A simple framework for bulletproof distributed tasks with Django and Celery.
Python
Fetching latest commit…
Cannot retrieve the latest commit at this time.
Permalink
Failed to load latest commit information.
sprinklers
tests
.gitignore
README.md
manage.py
setup.py

README.md

TL;DR

Django-Sprinklers imposes structure on jobs that perform asynchronous processing of Django models.

Specify a queryset and a function to perform on each object in the queryset and Sprinklers will distribute your queryset into a group of asynchronous jobs, perform logging, and track the status of each job.

Using this wrapper you can avoid repeatedly writing fiddly bits of celery code and repetitive logging so you can focus on your business logic.

For example

At a high level celery cron jobs often take the form of "run this queryset, and take an action on each object." For example:

  • Find all customers that should be billed for our recurring service, and bill them.
  • Find all users who should receive a welcome email, and send them each a message.
  • For each product listing, update the details from an external service.
  • etc. etc.

Typically code for these cron tasks would look something like:

from celery import task

@task
def refresh_objects():
    logger.info("Starting refresh objects...")
    qs = Item.objects.all()
    for obj in qs:
        if obj.needs_update():
            # Remember to pass 'id' and not the object itself!
            # Remember to call .delay on the task!
            get_updated_item_from_slow_external_service.delay(obj.id)
    logger.info("I would love to say 'finished' here, but I spawned a bunch of async tasks and can't actually do that...")

@task
def get_updated_field_from_slow_external_service(id):
    try:
        item = Item.objects.get(pk=id)
    except Item.DoesNotExist:
        logger.info("grrr...")
    logger.info("Starting update of item %s..." % id)
    item.field = ExternalServiceWrapper().get(id)['field']
    item.save()
    logger.info("Successful update of item %s." % id)

This is fine, but as logic gets more complex and as you add more jobs that follow a similar pattern, you'll find that you handle logging slightly differently from job to job, that you want to run code after all the subtasks have completed, and in general things are looking a bit messy.

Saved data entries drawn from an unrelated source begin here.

lemma cl_chain_eq_Inf_conj_prod:
  assumes "N \<lhd> G" and "set ys \<subseteq> carrier G"
  shows "cl_chain G N ys = Inf {cl G N (conj_prod G f ys) | f. \<forall>i. f i \<in> carrier G}"
proof -
  have "{cl G N (chain_prod G g ys) | g. \<forall>i. g i \<in> carrier G} =
        {cl G N (conj_prod G f ys) | f. \<forall>i. f i \<in> carrier G}"
  proof (intro equalityI subsetI)
    fix v
    assume "v \<in> {cl G N (chain_prod G g ys) | g. \<forall>i. g i \<in> carrier G}"
    then obtain g where "\<forall>i. g i \<in> carrier G" and "v = cl G N (conj_prod G (g(0 := \<one>)) ys)"
      using assms(2) by (auto simp: chain_prod_eq_conj_prod)
    then show "v \<in> {cl G N (conj_prod G f ys) | f. \<forall>i. f i \<in> carrier G}"
      by (intro CollectI exI[of _ "g(0 := \<one>)"]) auto
  next
    fix v
    assume "v \<in> {cl G N (conj_prod G f ys) | f. \<forall>i. f i \<in> carrier G}"
    then obtain f where f: "\<And>i. f i \<in> carrier G" and v: "v = cl G N (conj_prod G f ys)"
      by auto
    define h where "h i = inv (f 0) \<otimes> f i" for i
    have h: "\<And>i. h i \<in> carrier G"
      using f by (simp add: h_def)
    have "h(0 := \<one>) = h"
      using f by (auto simp: h_def fun_eq_iff)
    then have "chain_prod G h ys = conj_prod G h ys"
      using assms(2) by (simp add: chain_prod_eq_conj_prod)
    moreover have "conj_prod G f ys = conj_prod G (\<lambda>i. f 0 \<otimes> h i) ys"
      using f by (simp add: h_def)
    moreover have "\<dots> = f 0 \<otimes> conj_prod G h ys \<otimes> inv (f 0)"
      using f h assms(2) by (intro conj_prod_mult_conjugators) auto
    ultimately have "v = cl G N (chain_prod G h ys)"
      using v f h assms by (simp add: cl_conj)
    then show "v \<in> {cl G N (chain_prod G g ys) | g. \<forall>i. g i \<in> carrier G}"
      using h by blast
  qed
  then show ?thesis
    by (simp add: cl_chain_def)
qed

lemma cl_chain_Cons_inv_le:
  assumes "N \<lhd> G" and a: "a \<in> carrier G" and ys: "set ys \<subseteq> carrier G"
  shows "cl_chain G N (a # inv a # ys) \<le> cl_chain G N ys"
proof -
  let ?S = "\<lambda>zs. {cl G N (conj_prod G f zs) | f. \<forall>i. f i \<in> carrier G}"
  have "?S ys \<subseteq> ?S (a # inv a # ys)"
  proof
    fix v
    assume "v \<in> ?S ys"
    then obtain f where f: "\<forall>i. f i \<in> carrier G" and v: "v = cl G N (conj_prod G f ys)"
      by auto
    define g where "g i = (if i < 2 then \<one> else f (i - 2))" for i
    have "conj_prod G g (a # inv a # ys) = a \<otimes> (inv a \<otimes> conj_prod G f ys)"
      using a by (simp add: g_def)
    also have "\<dots> = conj_prod G f ys"
      using a ys f by simp
    finally show "v \<in> ?S (a # inv a # ys)"
      using f v by (intro CollectI exI[of _ g]) (simp add: g_def)
  qed
  moreover have "?S ys \<noteq> {}"
    by (auto intro: exI[of _ "\<lambda>_. \<one>"])
  ultimately have "Inf (?S (a # inv a # ys)) \<le> Inf (?S ys)"
    by (meson cInf_superset_mono bdd_below_bot)
  then show ?thesis
    using assms by (simp add: cl_chain_eq_Inf_conj_prod)
qed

Use Sprinklers to impose structure and make these jobs testable.

# tasks.py

from sprinklers.base import SprinklerBase, registry, SubtaskValidationException

class ItemUpdateSprinkler(SprinklerBase):

    def get_queryset():
        return Item.objects.all()

    def validate(obj)
        if not obj.needs_update():
            raise SubtaskValidationException()

    def subtask(obj):
        obj.field = ExternalServiceWrapper().get(obj.id)['field']
        obj.save()
        return obj.id  # gets aggregated into a results argument

    def finished(results):
        logger.info("Updated %s items." % len(results))
registry.register(ItemUpdateSprinkler)


# This is the entry point to the job. You can use it in your crontab configuration as normal:

# CELERYBEAT_SCHEDULE = {
#     'item.tasks.start_item_sprinkler': {
#         'task': 'item.tasks.start_item_sprinkler',
#         'schedule': crontab(hour=24, minute=0),
#     },

@task
def start_item_sprinkler():
    ItemUpdateSprinkler().start()

You can also pass **kwargs into the Sprinkler's start() function, which will be accessible downstream to all Sprinkler methods. See tasks.py and models.py in /tests for how this works.

Testing

The Sprinkler tests are a bit trickier to run that just 'manage.py test' because every attempt has been made to mimic an async production celery environment.

In order to run the tests you will need:

  1. Change CELERY_ALWAYS_EAGER = False in settings.py
  2. A local postgres server set up in line with the DB config in test.settings
  3. A running redis server with default localhost config (redis://localhost:6379/0)
  4. A running celery daemon/worker.
  5. Then run 'python manage.py test'

I find it easiest to run 2 & 3 via:

screen -d -S 'redis' -m redis-server
screen -d -S 'celery' -m python manage.py celeryd

This will run each in the background, and you can 'screen -r redis' or 'screen -r celery' to view them (Ctrl-a-d to detach).

If you are working on this project directly, remember to restart celery after code changes to django-sprinklers. Celery does not live reload!

FAQ

  • Q: Will this work on any iterable? Does it have to be a Django queryset?
  • A: It has to be a queryset (or a valuesqueryset). Sprinklers relies on some introspection to determine which model class to use for individual object retrieval.